Note that these are just examples and have to be adjusted given data availability, location, structure/names of the variables in the data object.

The optional input filter allows to specify simple or complex filters (see foehnix_filter for details). This allows to add additional constraints, e.g., adding a filter on the observed wind direction to ensure that only events within a specific wind sector (the main foehn wind direction) are classified as "foehn".

Value

Returns an object of class foehnix.

Log-likelihood sum (numeric).

Number of observations (integer) used to train the model.

Returns the Akaike information criterion (numeric).

Bayesian information criterion (numeric).

Ignorance (mean negative log-likelihood; numeric).

Effective degrees of freedom.

Returns the formula of the model (formula).

Object of class summary.foehnix.

Author(s)

Reto Stauffer

References

Plavcan D, Mayr GJ, Zeileis A (2014).
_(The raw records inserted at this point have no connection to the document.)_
(* In the M/M/1 setting below, $\mathrm{SW}^P_{opt}\le\mathrm{SW}^C_{opt}=\mathrm{SW}^S_{opt}$ holds in each of the following cases: (i) $\xi(0)\ge\bar\lambda$; (ii) $\xi(0)<\bar\lambda$ and $\lambda_{\max}\le(1+\epsilon)\lambda$, where $\epsilon=\sqrt{C/(R\mu)}$.
   Context: Setting: an M/M/1 queue with true (deterministic) Poisson arrival rate $\lambda>0$ and exponential service times with rate $\mu$, so $W(x)=1/(\mu-x)$ for $x\in[0,\mu)$. Each served customer receives reward $R$, pays fee $p$ (a transfer payment from the social optimizer's viewpoint), and incurs waiting cost $C>0$ per unit time, with $R>C/\mu$. Customers' beliefs about the arrival rate are described by a non-degenerate nonnegative random variable $\Lambda$ whose support has minimum $\lambda_{\min}$ and maximum $\lambda_{\max}$, with $0\le\lambda_{\min}<\lambda<\lambda_{\max}<\mu$. For $0\le p<R-C/\mu$, $\xi(p)=\mu-C/(R-p)$ (so $\xi(0)=\mu-C/R$). Let $\bar\lambda=\mu-1/\mathbb{E}[1/(\mu-\Lambda)]$. Joining probabilities: classical $q^C(p)=\min\{\xi(p)/\lambda,1\}$; shared belief $q^S(p)=1$ if $C\,\mathbb{E}[W(\Lambda)]\le R-p$, otherwise the unique $q\in[0,1)$ with $C\,\mathbb{E}[W(q\Lambda)]=R-p$; private belief $Q(p)=\min\{\xi(p)/\Lambda,1\}$. Social welfare rates: $\mathrm{SW}^C(p)=\lambda q^C(p)\,(R-C\,W(\lambda q^C(p)))$, $\mathrm{SW}^S(p)=\lambda q^S(p)\,(R-C\,W(\lambda q^S(p)))$, $\mathrm{SW}^P(p)=\mathbb{E}[\lambda Q(p)\,(R-C\,W(\lambda Q(p)))]$. Optimal values: $\mathrm{SW}^X_{opt}=\sup_{0\le p<R-C/\mu}\mathrm{SW}^X(p)$ for $X\in\{C,S,P\}$. *)

theory Defs
  imports "HOL-Probability.Probability"
begin

text \<open>M/M/1 sojourn time W(x) = 1/(mu - x), intended for 0 <= x < mu.\<close>
definition W :: "real \<Rightarrow> real \<Rightarrow> real" where
  "W mu x = 1 / (mu - x)"

definition xi :: "real \<Rightarrow> real \<Rightarrow> real \<Rightarrow> real \<Rightarrow> real" where
  "xi mu C R p = mu - C / (R - p)"

definition lbar :: "'a measure \<Rightarrow> ('a \<Rightarrow> real) \<Rightarrow> real \<Rightarrow> real" where
  "lbar M L mu = mu - 1 / (\<integral>\<omega>. 1 / (mu - L \<omega>) \<partial>M)"

definition qC :: "real \<Rightarrow> real \<Rightarrow> real \<Rightarrow> real \<Rightarrow> real \<Rightarrow> real" where
  "qC lam mu C R p = min (xi mu C R p / lam) 1"

definition qS :: "'a measure \<Rightarrow> ('a \<Rightarrow> real) \<Rightarrow> real \<Rightarrow> real \<Rightarrow> real \<Rightarrow> real \<Rightarrow> real" where
  "qS M L mu C R p =
     (if C * (\<integral>\<omega>. W mu (L \<omega>) \<partial>M) \<le> R - p then 1
      else (THE q. 0 \<le> q \<and> q < 1 \<and> C * (\<integral>\<omega>. W mu (q * L \<omega>) \<partial>M) = R - p))"

text \<open>Private-belief joining probability min{xi(p)/Lambda, 1}, with the convention
  xi(p)/0 = +infinity (so the minimum is 1 when Lambda = 0).\<close>
definition QP :: "real \<Rightarrow> real \<Rightarrow> real \<Rightarrow> real \<Rightarrow> real \<Rightarrow> real" where
  "QP mu C R p l = (if l \<le> xi mu C R p then 1 else xi mu C R p / l)"

definition SW :: "real \<Rightarrow> real \<Rightarrow> real \<Rightarrow> real \<Rightarrow> real \<Rightarrow> real" where
  "SW lam mu C R q = lam * q * (R - C * W mu (lam * q))"

definition SWC :: "real \<Rightarrow> real \<Rightarrow> real \<Rightarrow> real \<Rightarrow> real \<Rightarrow> real" where
  "SWC lam mu C R p = SW lam mu C R (qC lam mu C R p)"

definition SWS :: "'a measure \<Rightarrow> ('a \<Rightarrow> real) \<Rightarrow> real \<Rightarrow> real \<Rightarrow> real \<Rightarrow> real \<Rightarrow> real \<Rightarrow> real" where
  "SWS M L lam mu C R p = SW lam mu C R (qS M L mu C R p)"

definition SWP :: "'a measure \<Rightarrow> ('a \<Rightarrow> real) \<Rightarrow> real \<Rightarrow> real \<Rightarrow> real \<Rightarrow> real \<Rightarrow> real \<Rightarrow> real" where
  "SWP M L lam mu C R p = (\<integral>\<omega>. SW lam mu C R (QP mu C R p (L \<omega>)) \<partial>M)"

definition opt :: "real \<Rightarrow> real \<Rightarrow> real \<Rightarrow> (real \<Rightarrow> real) \<Rightarrow> real" where
  "opt mu C R f = (SUP p\<in>{0..<R - C / mu}. f p)"

end

theory Submission
  imports Defs
begin

text \<open>
  Each of the three welfare rates is the welfare \<open>x (R - C W(x))\<close> of an effective arrival
  rate \<open>x = \<lambda> q \<le> \<lambda>\<close> (pointwise in \<open>\<Lambda>\<close> for private beliefs). Writing
  \<open>a = \<mu> - x\<close>, this welfare is a constant minus the convex function \<open>R a + C \<mu> / a\<close>, so on
  \<open>x \<le> \<lambda>\<close> it is maximal at \<open>m = min (\<mu> (1 - \<epsilon>)) \<lambda>\<close>. Hence all three optima are at most
  the welfare at \<open>m\<close>, and the classical fee with \<open>\<xi>(p) = \<mu> (1 - \<epsilon>)\<close> attains it.

  Under a shared belief, \<open>q\<^sup>S\<close> inverts \<open>g(q) = E[W(q \<Lambda>)]\<close>, which is continuous and, as
  \<open>\<Lambda>\<close> is not a.s. zero, strictly increasing; so the fee \<open>R - C g(m/\<lambda>)\<close> induces
  \<open>q\<^sup>S = m/\<lambda>\<close>, and it is admissible iff \<open>C g(m/\<lambda>) \<le> R\<close>. In case (i) this holds because
  \<open>C g(1) \<le> R\<close>; in case (ii) because \<open>(m/\<lambda>) \<lambda>\<^sub>m\<^sub>a\<^sub>x \<le> \<mu> (1 - \<epsilon>) (1 + \<epsilon>) = \<mu> - C/R\<close> bounds
  every sojourn time by \<open>R/C\<close>.
\<close>

definition welfare :: "real \<Rightarrow> real \<Rightarrow> real \<Rightarrow> real \<Rightarrow> real" where
  "welfare mu C R x = x * (R - C * W mu x)"

definition optimal_rate :: "real \<Rightarrow> real \<Rightarrow> real \<Rightarrow> real" where
  "optimal_rate mu C R = mu * (1 - sqrt (C / (R * mu)))"

lemma SW_eq_welfare: "SW lam mu C R q = welfare mu C R (lam * q)"
  by (simp add: SW_def welfare_def)

lemma welfare_eq:
  "x < mu \<Longrightarrow> welfare mu C R x = mu * R + C - (R * (mu - x) + C * mu / (mu - x))"
  by (simp add: welfare_def W_def field_simps)

lemma mult_add_divide_le:
  fixes a b c k :: real
  assumes "0 < a" "0 < b" "0 \<le> (a - b) * (c * a * b - k)"
  shows "c * b + k / b \<le> c * a + k / a"
proof -
  have "(c * a + k / a) - (c * b + k / b) = (a - b) * (c * a * b - k) / (a * b)"
    using assms by (simp add: field_simps)
  moreover have "0 \<le> (a - b) * (c * a * b - k) / (a * b)"
    using assms by simp
  ultimately show ?thesis by linarith
qed

lemma sqrt_cost_ratio_bounds:
  assumes "0 < C" "0 < mu" "C / mu < R"
  shows "0 < sqrt (C / (R * mu))" "sqrt (C / (R * mu)) < 1"
proof -
  have "0 < C / (R * mu)" "C / (R * mu) < 1"
    using assms by (auto simp: field_simps)
  then show "0 < sqrt (C / (R * mu))" "sqrt (C / (R * mu)) < 1" by auto
qed

lemma welfare_le_optimal:
  fixes x lam mu C R :: real
  assumes "0 < C" "0 < mu" "C / mu < R" "x \<le> lam" "lam < mu"
  shows "welfare mu C R x \<le> welfare mu C R (min (optimal_rate mu C R) lam)"
proof -
  define s where "s = sqrt (C / (R * mu))"
  define b where "b = mu - min (optimal_rate mu C R) lam"
  have R: "0 < R" using divide_pos_pos [OF assms(1,2)] assms(3) by linarith
  have s: "0 < s" "s < 1" using sqrt_cost_ratio_bounds[OF assms(1-3)] by (auto simp: s_def)
  have Cmu: "C * mu = R * (mu * s)\<^sup>2"
    using assms R by (simp add: s_def power2_eq_square field_simps)
  have b: "0 < b" using assms s unfolding b_def optimal_rate_def s_def[symmetric] by auto
  \<comment> \<open>\<open>R a + C mu / a\<close> is minimal at \<open>a = mu s\<close> and increasing beyond it\<close>
  have "R * b + C * mu / b \<le> R * (mu - x) + C * mu / (mu - x)"
  proof (rule mult_add_divide_le)
    show "0 \<le> (mu - x - b) * (R * (mu - x) * b - C * mu)"
    proof (cases "optimal_rate mu C R \<le> lam")
      case True
      then have "b = mu * s" by (simp add: b_def optimal_rate_def s_def algebra_simps)
      then have "C * mu = R * b\<^sup>2" using Cmu by simp
      then have "(mu - x - b) * (R * (mu - x) * b - C * mu) = R * b * (mu - x - b)\<^sup>2"
        by (simp add: power2_eq_square algebra_simps)
      then show ?thesis using R b by simp
    next
      case False
      then have "b = mu - lam" "mu * s < b"
        by (auto simp: b_def optimal_rate_def s_def algebra_simps)
      have "C * mu \<le> R * b\<^sup>2"
        unfolding Cmu using \<open>mu * s < b\<close> s assms R
        by (intro mult_left_mono power_mono) auto
      also have "\<dots> \<le> R * (mu - x) * b"
        using R b assms \<open>b = mu - lam\<close>
        by (simp add: power2_eq_square mult_right_mono mult_left_mono)
      finally show ?thesis using assms \<open>b = mu - lam\<close> by (intro mult_nonneg_nonneg) auto
    qed
  qed (use assms b in auto)
  then show ?thesis
    using assms b by (simp add: welfare_eq b_def [symmetric] min.strict_coboundedI2)
qed
(* Let $A\in\mathbb{C}^{m\times m}$ be Hermitian positive semidefinite, let $B\in\mathbb{C}^{m\times k}$ be such that $B^*$ has full column rank (so $BB^*$ is positive definite), and let \[ H=\begin{bmatrix} A & B\\ B^* & 0\end{bmatrix}. \] Let $\alpha=\sup_{x\neq0}\dfrac{x^*Ax}{x^*\sqrt{BB^*}x}$ and $\beta_1=\min_{\|x\|=1}\|B^*x\|$. Then \[ \left(\frac{-2\beta_1}{\alpha+\sqrt{\alpha^2+4}},\ \beta_1\right)\setminus\{0\}\subseteq\rho(H). \]
   Context: $\rho(H)$ denotes the resolvent set of $H$ (the complement of its spectrum); $\sqrt{BB^*}$ is the positive definite square root. *)

theory Defs
  imports "HOL-Analysis.Analysis"
begin

definition adjoint_mat :: "complex^'n^'m \<Rightarrow> complex^'m^'n" where
  "adjoint_mat A = (\<chi> i j. cnj (A $ j $ i))"

definition qform :: "complex^'n^'n \<Rightarrow> complex^'n \<Rightarrow> complex" where
  "qform A x = (\<Sum>i\<in>UNIV. \<Sum>j\<in>UNIV. cnj (x $ i) * A $ i $ j * x $ j)"

definition hermitian_mat :: "complex^'n^'n \<Rightarrow> bool" where
  "hermitian_mat A \<longleftrightarrow> adjoint_mat A = A"

definition psd_mat :: "complex^'n^'n \<Rightarrow> bool" where
  "psd_mat A \<longleftrightarrow> hermitian_mat A \<and> (\<forall>x. 0 \<le> Re (qform A x))"

definition pd_mat :: "complex^'n^'n \<Rightarrow> bool" where
  "pd_mat A \<longleftrightarrow> hermitian_mat A \<and> (\<forall>x. x \<noteq> 0 \<longrightarrow> 0 < Re (qform A x))"

definition pd_sqrt :: "complex^'n^'n \<Rightarrow> complex^'n^'n" where
  "pd_sqrt P = (THE S. pd_mat S \<and> S ** S = P)"

definition block_mat :: "complex^'m^'m \<Rightarrow> complex^'k^'m \<Rightarrow> complex^'m^'k \<Rightarrow> complex^'k^'k
    \<Rightarrow> complex^('m + 'k)^('m + 'k)" where
  "block_mat A B C D = (\<chi> i j. case i of
      Inl a \<Rightarrow> (case j of Inl b \<Rightarrow> A $ a $ b | Inr b \<Rightarrow> B $ a $ b)
    | Inr a \<Rightarrow> (case j of Inl b \<Rightarrow> C $ a $ b | Inr b \<Rightarrow> D $ a $ b))"

definition resolvent_set :: "complex^'n^'n \<Rightarrow> complex set" where
  "resolvent_set H = {z. invertible (H - mat z)}"

end

theory Submission
  imports Defs
begin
Automatic and Probabilistic Foehn Diagnosis with a Statistical Mixture Model. Journal of Applied Meteorology and Climatology. 53(3), 652–659. doi:10.1175/JAMC-D-13-0267.1

Gr\"un B, Leisch F (2007). Fitting Finite Mixtures of Generalized Linear Regressions in R. Computational Statistics \& Data Analysis. 51(11), 5247–5252. doi:10.1016/j.csda.2006.08.014

Gr\"un B, Leisch F (2008). FlexMix Version 2: Finite Mixtures with Concomitant Variables and Varying and Constant Parameters. Journal of Statistical Software, Articles. 28(4), 1–35. doi:10.18637/jss.v028.i04

Fraley C, Raftery AE (2002). Model-Based Clustering, Discriminant Analysis, and Density Estimation. Journal of the American Statistical Association. 97(458), 611–631. doi:10.1198/016214502760047131

See Also

See foehnix_filter for more information about the filter option. See also: tsplot, windrose.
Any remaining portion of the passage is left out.